== SOURCE MATERIAL ==
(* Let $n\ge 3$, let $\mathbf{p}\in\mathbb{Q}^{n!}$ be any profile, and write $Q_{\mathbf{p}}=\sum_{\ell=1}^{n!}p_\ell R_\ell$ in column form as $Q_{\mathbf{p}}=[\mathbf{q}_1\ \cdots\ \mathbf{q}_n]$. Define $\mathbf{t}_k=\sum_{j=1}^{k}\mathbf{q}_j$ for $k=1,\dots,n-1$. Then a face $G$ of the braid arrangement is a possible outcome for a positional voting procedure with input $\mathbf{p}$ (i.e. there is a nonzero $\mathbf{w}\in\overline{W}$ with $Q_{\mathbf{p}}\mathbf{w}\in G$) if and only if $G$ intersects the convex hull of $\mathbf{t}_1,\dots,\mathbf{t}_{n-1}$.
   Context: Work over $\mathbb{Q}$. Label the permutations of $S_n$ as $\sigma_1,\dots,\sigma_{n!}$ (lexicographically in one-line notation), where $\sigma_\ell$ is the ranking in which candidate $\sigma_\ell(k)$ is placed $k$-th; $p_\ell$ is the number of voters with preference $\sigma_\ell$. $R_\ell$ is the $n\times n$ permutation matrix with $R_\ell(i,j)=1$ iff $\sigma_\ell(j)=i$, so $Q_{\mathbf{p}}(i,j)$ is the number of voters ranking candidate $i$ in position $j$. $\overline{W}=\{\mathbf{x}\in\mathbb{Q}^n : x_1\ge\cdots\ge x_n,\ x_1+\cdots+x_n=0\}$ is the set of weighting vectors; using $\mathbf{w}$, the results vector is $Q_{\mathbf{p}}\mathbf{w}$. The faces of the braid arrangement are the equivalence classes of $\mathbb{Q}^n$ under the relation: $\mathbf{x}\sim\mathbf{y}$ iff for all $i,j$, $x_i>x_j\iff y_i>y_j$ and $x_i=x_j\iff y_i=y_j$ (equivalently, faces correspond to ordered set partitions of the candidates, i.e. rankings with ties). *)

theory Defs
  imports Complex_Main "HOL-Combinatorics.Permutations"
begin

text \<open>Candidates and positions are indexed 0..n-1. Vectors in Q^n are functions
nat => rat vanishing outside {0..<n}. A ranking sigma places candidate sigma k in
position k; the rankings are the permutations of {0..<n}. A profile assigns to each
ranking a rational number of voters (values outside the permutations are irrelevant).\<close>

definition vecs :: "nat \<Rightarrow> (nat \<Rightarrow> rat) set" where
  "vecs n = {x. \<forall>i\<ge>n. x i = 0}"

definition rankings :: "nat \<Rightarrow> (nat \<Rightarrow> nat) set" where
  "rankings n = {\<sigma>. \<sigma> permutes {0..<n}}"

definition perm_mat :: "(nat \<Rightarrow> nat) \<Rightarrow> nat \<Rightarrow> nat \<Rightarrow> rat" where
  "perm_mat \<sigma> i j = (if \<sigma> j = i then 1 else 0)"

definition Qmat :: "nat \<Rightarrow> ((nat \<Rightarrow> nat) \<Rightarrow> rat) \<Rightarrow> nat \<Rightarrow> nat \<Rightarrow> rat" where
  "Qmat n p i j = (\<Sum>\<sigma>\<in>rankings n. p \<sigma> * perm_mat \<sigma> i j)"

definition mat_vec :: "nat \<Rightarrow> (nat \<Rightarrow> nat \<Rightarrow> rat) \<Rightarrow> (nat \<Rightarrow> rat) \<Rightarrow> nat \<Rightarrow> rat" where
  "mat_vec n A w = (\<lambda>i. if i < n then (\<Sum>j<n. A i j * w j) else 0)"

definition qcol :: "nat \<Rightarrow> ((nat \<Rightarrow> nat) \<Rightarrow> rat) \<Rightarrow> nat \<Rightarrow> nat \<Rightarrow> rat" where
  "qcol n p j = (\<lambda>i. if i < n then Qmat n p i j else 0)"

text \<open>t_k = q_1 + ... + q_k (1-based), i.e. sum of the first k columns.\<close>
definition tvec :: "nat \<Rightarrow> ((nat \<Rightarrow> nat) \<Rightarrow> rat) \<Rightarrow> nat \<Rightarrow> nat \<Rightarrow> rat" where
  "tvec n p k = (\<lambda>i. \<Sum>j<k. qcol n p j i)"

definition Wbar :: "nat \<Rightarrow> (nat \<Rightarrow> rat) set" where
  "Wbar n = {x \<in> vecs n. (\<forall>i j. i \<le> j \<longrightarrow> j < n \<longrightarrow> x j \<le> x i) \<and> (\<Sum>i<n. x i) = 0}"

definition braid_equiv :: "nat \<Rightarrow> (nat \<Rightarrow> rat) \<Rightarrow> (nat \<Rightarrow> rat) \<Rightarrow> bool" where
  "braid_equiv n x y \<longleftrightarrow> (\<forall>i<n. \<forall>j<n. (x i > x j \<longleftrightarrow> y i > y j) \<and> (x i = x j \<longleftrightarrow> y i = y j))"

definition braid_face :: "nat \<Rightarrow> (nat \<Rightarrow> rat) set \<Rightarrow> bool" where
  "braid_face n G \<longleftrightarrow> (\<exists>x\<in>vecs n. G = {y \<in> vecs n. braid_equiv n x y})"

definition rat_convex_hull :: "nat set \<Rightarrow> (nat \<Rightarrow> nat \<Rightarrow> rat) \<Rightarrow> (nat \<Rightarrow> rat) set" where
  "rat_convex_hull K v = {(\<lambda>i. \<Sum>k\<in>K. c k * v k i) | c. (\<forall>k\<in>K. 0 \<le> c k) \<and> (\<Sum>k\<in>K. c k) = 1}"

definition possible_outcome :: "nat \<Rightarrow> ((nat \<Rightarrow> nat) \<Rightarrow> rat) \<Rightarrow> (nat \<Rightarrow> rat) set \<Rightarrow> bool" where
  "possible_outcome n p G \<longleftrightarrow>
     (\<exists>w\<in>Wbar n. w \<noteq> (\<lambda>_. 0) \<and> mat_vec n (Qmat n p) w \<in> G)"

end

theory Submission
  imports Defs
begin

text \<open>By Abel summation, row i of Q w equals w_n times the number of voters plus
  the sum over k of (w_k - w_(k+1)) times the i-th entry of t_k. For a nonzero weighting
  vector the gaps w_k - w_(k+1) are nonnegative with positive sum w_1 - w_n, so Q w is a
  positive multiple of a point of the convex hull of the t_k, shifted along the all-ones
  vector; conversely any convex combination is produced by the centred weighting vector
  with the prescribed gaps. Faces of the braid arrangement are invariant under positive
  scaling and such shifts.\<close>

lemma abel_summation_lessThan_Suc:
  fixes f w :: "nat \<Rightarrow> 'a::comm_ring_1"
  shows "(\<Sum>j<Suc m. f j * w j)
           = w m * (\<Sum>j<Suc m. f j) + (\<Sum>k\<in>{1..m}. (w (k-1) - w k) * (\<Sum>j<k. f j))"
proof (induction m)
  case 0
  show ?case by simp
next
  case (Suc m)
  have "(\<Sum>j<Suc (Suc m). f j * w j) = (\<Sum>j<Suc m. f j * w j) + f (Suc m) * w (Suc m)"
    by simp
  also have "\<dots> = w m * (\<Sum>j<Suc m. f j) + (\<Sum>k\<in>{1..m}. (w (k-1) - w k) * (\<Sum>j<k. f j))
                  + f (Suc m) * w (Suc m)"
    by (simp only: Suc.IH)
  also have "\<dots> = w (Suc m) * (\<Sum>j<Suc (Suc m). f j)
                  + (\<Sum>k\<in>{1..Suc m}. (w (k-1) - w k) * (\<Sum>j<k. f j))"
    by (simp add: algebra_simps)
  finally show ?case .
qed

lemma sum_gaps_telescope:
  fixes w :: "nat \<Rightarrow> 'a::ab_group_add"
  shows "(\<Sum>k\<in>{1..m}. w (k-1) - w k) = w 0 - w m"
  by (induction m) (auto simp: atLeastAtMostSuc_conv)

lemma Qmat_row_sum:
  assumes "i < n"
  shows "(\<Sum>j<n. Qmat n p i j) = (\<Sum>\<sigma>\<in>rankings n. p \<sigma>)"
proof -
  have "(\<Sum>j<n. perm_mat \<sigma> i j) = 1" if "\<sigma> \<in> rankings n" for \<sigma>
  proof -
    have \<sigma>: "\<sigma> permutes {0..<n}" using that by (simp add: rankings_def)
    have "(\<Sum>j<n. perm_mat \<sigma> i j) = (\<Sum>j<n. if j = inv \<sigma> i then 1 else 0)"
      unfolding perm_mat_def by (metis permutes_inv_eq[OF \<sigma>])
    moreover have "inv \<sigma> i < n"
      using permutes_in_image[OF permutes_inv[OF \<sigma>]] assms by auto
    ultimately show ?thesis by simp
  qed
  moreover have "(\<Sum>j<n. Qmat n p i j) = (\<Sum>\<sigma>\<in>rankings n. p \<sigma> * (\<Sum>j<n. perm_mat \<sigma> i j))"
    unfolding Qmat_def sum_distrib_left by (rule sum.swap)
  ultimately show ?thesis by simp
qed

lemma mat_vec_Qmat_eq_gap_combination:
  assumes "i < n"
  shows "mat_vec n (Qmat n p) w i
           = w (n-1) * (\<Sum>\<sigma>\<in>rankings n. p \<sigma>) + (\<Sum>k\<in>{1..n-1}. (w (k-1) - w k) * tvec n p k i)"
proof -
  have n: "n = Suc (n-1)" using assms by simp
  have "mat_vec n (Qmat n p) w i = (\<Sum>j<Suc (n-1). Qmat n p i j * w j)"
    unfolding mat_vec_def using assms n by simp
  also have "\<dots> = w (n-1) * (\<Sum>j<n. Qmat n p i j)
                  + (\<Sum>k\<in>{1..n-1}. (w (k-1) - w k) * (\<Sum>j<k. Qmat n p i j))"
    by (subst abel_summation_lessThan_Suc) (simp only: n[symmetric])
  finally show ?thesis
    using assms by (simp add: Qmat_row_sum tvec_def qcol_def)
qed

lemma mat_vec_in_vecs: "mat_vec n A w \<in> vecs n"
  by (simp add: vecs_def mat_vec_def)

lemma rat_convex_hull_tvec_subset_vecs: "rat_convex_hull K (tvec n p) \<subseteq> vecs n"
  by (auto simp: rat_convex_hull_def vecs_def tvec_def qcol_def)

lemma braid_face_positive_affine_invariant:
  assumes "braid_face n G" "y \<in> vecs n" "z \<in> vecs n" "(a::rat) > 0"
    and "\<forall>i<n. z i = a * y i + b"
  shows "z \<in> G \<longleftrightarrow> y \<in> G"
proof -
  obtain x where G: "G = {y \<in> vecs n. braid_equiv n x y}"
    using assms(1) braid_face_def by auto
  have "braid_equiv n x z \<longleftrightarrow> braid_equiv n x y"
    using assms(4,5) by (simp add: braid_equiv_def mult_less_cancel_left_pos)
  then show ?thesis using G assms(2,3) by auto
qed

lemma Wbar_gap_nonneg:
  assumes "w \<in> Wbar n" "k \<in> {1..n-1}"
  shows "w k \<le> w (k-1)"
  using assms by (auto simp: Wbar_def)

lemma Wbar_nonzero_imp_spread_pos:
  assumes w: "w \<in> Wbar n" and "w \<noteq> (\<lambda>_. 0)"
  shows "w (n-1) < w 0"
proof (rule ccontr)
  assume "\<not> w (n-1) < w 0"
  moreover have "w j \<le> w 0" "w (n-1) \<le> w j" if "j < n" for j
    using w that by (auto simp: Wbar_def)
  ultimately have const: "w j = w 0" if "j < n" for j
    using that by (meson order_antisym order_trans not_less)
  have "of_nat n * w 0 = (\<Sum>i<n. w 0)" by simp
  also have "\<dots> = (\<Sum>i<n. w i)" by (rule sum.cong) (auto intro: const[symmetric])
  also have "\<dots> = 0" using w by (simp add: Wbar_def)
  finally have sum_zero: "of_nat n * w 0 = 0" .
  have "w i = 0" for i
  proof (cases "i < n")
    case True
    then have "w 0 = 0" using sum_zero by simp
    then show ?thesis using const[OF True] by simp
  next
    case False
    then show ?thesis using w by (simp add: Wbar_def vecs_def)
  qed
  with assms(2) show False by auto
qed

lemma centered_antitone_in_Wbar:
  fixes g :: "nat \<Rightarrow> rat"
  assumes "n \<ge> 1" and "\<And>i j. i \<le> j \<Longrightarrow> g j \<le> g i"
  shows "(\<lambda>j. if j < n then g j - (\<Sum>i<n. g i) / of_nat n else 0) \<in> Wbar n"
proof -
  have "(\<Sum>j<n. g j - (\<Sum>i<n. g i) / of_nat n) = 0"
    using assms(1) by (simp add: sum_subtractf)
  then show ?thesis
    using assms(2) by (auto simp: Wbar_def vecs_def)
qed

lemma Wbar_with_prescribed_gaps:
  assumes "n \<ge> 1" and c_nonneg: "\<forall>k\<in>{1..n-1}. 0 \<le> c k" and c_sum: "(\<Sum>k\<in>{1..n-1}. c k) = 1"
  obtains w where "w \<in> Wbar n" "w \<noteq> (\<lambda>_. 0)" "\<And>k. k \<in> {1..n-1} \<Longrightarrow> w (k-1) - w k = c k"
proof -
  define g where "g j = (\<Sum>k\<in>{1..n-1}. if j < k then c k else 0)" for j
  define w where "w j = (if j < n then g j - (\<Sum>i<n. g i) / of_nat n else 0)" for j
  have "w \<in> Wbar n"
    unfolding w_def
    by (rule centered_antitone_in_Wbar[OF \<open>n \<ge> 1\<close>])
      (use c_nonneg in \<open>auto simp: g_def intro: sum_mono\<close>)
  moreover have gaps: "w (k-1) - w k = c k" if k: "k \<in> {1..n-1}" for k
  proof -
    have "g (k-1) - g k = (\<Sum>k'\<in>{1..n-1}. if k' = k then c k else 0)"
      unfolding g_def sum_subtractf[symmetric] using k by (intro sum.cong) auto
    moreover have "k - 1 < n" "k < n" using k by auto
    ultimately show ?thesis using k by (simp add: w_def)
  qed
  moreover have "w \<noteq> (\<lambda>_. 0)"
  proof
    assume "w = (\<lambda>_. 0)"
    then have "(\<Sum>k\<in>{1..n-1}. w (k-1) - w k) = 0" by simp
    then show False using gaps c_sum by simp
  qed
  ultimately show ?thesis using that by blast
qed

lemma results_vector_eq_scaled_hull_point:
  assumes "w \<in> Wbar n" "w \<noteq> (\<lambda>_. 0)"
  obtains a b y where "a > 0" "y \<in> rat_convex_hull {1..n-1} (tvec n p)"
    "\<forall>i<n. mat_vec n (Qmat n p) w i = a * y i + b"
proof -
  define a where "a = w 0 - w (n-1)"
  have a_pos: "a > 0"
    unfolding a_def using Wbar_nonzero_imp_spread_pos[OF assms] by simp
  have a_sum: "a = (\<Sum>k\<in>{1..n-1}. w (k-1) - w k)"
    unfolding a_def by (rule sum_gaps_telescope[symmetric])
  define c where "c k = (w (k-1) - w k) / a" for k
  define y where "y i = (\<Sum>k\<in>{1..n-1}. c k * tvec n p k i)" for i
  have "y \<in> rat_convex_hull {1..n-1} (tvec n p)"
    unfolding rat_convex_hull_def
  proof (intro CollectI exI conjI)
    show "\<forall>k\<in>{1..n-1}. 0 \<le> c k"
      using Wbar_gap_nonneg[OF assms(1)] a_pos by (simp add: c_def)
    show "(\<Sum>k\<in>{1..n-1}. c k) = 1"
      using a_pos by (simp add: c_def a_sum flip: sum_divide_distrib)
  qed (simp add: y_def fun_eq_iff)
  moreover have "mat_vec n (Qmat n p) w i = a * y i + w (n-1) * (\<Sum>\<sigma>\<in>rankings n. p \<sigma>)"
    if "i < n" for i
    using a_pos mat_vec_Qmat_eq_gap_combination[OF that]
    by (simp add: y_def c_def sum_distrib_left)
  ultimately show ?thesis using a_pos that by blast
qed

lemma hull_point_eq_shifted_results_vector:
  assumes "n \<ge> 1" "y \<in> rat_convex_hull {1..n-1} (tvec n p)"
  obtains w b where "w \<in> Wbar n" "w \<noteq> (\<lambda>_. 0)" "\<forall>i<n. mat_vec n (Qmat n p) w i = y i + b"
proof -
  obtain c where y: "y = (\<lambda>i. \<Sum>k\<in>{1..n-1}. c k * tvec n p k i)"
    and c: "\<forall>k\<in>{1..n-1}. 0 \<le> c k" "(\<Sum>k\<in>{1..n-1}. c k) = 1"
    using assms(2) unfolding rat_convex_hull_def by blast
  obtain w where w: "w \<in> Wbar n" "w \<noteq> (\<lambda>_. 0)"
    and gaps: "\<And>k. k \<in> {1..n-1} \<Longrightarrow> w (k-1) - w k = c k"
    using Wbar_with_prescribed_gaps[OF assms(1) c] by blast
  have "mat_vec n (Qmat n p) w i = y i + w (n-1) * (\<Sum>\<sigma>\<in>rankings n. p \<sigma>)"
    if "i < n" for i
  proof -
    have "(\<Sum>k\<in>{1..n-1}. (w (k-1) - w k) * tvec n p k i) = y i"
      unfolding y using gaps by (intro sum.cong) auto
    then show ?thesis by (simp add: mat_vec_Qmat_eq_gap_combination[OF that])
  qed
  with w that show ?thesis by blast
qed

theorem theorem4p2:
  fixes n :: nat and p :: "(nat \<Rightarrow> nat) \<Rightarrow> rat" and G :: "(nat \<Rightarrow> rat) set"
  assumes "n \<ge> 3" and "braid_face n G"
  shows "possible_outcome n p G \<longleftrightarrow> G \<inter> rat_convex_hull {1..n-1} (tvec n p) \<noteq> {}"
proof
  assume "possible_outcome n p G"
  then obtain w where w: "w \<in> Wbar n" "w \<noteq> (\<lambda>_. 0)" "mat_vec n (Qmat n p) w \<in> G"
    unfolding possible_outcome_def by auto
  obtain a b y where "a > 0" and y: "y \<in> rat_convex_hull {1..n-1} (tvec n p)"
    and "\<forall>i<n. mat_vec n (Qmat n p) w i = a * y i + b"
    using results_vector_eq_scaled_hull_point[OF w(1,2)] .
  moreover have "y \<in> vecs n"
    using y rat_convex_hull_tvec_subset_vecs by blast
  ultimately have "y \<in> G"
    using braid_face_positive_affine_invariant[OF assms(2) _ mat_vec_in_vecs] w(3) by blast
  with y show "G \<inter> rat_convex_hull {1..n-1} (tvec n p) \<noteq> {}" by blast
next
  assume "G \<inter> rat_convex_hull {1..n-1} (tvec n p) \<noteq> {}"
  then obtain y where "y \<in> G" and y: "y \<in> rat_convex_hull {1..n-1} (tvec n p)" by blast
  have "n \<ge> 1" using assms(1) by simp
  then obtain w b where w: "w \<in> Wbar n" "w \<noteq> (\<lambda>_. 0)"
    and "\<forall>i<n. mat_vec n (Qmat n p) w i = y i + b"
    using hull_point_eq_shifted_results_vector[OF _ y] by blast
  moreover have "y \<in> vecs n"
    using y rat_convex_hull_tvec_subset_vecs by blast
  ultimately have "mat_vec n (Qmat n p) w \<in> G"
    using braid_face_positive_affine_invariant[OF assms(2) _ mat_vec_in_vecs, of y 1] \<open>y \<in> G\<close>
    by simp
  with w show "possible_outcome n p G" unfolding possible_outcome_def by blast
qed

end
===
◆ PROBLEM REQUIREMENTS
Whenever a line above includes the string "exists", copy it.

◆ ANSWER BELOW
  "braid_face n G \<longleftrightarrow> (\<exists>x\<in>vecs n. G = {y \<in> vecs n. braid_equiv n x y})"
     (\<exists>w\<in>Wbar n. w \<noteq> (\<lambda>_. 0) \<and> mat_vec n (Qmat n p) w \<in> G)"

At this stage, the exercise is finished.